• PROBLEM TO SOLVE: Only lines holding the string "thesis" are wanted; copy each one from the material.

━━━━━━━━━━━━━━━━━━━━

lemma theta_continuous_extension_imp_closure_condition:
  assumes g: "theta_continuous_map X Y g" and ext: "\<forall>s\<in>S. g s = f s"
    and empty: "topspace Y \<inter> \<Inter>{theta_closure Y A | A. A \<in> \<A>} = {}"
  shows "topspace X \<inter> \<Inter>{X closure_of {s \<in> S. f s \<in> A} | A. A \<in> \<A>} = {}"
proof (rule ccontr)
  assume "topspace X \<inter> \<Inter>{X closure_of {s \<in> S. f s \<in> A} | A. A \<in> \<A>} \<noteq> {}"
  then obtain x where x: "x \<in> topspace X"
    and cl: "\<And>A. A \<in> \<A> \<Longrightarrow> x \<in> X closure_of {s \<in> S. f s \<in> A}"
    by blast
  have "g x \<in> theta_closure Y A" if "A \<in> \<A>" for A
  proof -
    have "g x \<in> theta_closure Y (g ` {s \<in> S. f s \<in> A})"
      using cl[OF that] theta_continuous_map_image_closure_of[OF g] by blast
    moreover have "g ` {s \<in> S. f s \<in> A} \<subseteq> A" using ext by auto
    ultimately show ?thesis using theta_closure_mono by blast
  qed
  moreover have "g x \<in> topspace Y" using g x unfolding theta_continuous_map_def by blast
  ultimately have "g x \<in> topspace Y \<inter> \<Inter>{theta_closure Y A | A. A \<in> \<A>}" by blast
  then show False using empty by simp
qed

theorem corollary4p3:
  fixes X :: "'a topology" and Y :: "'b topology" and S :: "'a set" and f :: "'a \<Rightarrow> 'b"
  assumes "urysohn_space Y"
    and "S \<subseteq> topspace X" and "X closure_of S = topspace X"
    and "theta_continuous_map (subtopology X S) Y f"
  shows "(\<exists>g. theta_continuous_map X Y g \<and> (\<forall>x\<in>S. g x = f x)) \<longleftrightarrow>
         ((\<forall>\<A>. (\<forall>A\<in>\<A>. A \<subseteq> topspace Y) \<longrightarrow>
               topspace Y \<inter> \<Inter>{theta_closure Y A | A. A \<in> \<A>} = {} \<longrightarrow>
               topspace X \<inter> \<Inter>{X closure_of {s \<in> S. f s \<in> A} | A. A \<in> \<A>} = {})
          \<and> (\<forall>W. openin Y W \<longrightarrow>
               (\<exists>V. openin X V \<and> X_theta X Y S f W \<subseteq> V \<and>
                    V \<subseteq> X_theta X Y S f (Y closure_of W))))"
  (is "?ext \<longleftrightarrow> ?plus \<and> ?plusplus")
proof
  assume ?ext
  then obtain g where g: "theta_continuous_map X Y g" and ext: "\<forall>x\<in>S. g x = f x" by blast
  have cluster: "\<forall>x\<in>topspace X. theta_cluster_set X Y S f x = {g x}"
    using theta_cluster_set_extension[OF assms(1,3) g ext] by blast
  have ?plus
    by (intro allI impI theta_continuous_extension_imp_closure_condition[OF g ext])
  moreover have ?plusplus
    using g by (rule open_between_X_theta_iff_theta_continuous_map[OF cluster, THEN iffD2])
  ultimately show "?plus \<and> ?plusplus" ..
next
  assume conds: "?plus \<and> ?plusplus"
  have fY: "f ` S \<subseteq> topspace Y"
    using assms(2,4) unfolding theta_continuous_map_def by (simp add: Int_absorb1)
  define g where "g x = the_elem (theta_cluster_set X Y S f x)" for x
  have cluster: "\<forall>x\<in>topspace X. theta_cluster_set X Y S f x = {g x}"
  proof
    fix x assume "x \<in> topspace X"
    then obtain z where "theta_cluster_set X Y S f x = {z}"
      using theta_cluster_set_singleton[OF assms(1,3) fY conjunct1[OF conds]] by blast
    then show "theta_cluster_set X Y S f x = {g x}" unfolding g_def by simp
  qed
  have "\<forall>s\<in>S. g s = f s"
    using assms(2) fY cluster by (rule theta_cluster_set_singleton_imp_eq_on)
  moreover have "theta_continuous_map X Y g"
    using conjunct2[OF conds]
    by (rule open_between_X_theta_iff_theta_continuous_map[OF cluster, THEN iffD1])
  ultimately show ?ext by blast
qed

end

━━━━━━━━━━━━━━━━━━━━

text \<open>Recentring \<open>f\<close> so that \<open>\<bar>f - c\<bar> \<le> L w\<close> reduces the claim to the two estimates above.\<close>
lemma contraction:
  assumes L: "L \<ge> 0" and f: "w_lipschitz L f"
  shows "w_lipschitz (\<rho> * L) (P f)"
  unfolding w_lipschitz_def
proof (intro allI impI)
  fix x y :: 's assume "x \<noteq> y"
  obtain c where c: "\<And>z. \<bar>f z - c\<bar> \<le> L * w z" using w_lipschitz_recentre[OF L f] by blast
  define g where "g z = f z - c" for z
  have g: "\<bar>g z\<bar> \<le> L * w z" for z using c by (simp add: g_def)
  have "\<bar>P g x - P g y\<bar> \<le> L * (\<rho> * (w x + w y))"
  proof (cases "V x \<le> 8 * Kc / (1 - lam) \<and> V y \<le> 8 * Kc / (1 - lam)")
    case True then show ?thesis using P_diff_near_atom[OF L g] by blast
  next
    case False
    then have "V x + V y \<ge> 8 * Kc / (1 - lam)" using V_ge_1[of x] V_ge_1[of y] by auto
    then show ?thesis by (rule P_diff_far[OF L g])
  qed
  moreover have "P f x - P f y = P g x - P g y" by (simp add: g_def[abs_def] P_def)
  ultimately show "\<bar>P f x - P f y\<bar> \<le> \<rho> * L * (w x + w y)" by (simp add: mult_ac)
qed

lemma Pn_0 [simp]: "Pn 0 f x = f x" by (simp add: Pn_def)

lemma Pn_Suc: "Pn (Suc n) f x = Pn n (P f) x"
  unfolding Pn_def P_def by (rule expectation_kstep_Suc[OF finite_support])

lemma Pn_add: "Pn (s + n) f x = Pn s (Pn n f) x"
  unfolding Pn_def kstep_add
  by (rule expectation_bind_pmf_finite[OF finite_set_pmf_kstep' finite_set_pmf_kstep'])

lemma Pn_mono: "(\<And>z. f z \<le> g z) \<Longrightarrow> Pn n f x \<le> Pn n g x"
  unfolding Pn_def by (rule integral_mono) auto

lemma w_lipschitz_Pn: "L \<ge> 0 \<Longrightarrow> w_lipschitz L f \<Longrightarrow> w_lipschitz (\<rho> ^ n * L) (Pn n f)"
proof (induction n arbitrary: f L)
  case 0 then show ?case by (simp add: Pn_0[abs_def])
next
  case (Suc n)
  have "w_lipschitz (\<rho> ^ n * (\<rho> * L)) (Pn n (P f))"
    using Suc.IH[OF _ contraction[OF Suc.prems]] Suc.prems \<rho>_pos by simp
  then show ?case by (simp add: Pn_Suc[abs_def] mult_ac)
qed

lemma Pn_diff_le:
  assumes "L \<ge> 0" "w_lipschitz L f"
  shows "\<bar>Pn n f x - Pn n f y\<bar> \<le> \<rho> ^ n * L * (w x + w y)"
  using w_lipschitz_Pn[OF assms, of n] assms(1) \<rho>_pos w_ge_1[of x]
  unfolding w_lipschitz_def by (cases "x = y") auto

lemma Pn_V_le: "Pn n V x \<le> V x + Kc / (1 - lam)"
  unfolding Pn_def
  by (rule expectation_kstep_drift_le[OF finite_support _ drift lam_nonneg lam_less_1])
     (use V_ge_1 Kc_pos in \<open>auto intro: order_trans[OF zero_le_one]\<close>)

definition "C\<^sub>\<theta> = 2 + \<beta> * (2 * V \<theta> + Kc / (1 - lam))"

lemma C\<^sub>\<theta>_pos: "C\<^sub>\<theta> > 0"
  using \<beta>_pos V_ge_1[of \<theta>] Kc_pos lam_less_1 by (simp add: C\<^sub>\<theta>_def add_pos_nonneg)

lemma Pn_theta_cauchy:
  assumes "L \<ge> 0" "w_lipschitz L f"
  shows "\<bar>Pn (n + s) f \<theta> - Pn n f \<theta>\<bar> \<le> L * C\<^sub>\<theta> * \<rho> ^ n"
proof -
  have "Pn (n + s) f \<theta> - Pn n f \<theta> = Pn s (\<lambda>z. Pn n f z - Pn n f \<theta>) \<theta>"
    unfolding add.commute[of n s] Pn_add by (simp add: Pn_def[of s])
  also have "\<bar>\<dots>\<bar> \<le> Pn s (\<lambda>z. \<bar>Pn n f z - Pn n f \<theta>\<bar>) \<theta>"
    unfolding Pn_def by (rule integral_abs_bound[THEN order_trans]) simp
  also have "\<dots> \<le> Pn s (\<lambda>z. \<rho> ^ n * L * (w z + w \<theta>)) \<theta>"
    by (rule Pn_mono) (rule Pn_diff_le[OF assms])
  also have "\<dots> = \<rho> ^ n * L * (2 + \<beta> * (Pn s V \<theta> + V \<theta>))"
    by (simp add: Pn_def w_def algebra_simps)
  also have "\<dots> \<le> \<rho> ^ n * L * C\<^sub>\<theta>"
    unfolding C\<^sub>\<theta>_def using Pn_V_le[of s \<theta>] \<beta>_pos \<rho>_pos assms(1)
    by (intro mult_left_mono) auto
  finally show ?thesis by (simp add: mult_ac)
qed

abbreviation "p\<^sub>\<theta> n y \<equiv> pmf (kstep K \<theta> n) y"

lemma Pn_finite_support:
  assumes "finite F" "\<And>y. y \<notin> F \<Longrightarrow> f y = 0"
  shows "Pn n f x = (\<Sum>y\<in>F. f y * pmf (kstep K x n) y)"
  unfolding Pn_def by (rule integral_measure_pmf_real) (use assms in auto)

━━━━━━━━━━━━━━━━━━━━

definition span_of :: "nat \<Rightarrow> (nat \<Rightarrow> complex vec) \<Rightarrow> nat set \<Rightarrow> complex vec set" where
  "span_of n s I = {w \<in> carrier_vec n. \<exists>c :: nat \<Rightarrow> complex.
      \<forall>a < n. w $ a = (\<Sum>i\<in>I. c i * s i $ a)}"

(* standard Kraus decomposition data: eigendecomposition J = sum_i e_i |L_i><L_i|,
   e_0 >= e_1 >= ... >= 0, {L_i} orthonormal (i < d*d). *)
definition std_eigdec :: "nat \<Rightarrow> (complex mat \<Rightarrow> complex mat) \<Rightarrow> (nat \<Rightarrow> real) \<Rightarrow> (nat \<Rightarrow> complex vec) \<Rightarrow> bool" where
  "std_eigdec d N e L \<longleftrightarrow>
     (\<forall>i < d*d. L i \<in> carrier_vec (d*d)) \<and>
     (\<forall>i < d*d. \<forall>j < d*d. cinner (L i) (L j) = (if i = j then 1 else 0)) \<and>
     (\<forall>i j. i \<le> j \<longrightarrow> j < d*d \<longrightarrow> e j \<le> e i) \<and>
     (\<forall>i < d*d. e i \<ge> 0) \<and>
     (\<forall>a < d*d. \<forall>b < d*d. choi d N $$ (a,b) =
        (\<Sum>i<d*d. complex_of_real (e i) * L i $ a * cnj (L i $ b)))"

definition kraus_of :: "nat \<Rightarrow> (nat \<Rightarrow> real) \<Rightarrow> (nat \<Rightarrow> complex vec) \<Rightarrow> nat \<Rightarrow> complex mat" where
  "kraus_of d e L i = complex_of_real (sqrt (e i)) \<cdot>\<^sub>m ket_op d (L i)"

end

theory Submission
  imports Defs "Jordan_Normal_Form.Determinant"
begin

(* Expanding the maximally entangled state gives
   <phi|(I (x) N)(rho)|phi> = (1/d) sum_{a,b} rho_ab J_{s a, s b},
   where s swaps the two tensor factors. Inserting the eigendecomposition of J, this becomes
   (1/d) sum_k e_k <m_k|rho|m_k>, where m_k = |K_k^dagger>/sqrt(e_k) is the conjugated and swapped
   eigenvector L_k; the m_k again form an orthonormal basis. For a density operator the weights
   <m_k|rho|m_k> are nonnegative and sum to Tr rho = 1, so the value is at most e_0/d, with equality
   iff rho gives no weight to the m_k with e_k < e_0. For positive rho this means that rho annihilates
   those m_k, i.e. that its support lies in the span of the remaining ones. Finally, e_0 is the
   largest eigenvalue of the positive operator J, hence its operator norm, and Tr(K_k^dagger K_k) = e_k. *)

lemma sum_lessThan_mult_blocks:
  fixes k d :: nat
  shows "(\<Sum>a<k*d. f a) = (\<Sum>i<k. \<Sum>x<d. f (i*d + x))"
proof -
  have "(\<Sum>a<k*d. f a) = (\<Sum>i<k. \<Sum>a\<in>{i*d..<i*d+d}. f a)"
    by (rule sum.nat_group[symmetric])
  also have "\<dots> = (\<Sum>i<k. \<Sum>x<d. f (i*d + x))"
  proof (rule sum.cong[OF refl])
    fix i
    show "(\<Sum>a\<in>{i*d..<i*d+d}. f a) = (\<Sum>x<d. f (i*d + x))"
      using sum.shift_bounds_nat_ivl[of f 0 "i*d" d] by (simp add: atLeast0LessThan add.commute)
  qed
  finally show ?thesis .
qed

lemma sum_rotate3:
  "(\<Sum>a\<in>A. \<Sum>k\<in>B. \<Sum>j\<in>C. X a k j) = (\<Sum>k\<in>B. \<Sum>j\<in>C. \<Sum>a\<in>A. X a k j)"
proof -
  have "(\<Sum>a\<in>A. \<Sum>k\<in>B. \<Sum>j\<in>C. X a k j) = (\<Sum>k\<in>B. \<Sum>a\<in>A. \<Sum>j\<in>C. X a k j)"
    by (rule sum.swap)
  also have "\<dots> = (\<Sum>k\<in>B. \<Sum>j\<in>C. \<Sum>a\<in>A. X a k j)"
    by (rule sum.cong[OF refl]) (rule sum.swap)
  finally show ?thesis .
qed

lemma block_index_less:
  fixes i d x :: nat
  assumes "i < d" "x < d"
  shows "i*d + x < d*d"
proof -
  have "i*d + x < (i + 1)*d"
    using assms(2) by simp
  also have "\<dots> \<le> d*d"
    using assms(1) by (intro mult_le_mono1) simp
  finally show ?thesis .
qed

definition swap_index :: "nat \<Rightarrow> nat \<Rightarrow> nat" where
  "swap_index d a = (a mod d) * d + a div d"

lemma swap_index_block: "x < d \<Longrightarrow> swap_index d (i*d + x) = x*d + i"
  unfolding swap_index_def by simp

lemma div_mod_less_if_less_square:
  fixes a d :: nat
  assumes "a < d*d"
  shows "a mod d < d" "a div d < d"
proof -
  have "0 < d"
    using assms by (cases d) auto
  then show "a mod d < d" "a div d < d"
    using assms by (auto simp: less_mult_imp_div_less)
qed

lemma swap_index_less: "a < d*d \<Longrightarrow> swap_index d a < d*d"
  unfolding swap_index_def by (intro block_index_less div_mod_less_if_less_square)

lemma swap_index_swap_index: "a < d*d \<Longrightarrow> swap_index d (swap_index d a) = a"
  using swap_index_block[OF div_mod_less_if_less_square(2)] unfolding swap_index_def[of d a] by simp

━━━━━━━━━━━━━━━━━━━━

• SOLUTION FOR THIS EXERCISE:
    ultimately show ?thesis using theta_closure_mono by blast
    case True then show ?thesis using P_diff_near_atom[OF L g] by blast
    then show ?thesis by (rule P_diff_far[OF L g])
  finally show ?thesis by (simp add: mult_ac)
  finally show ?thesis .
  finally show ?thesis .
  finally show ?thesis .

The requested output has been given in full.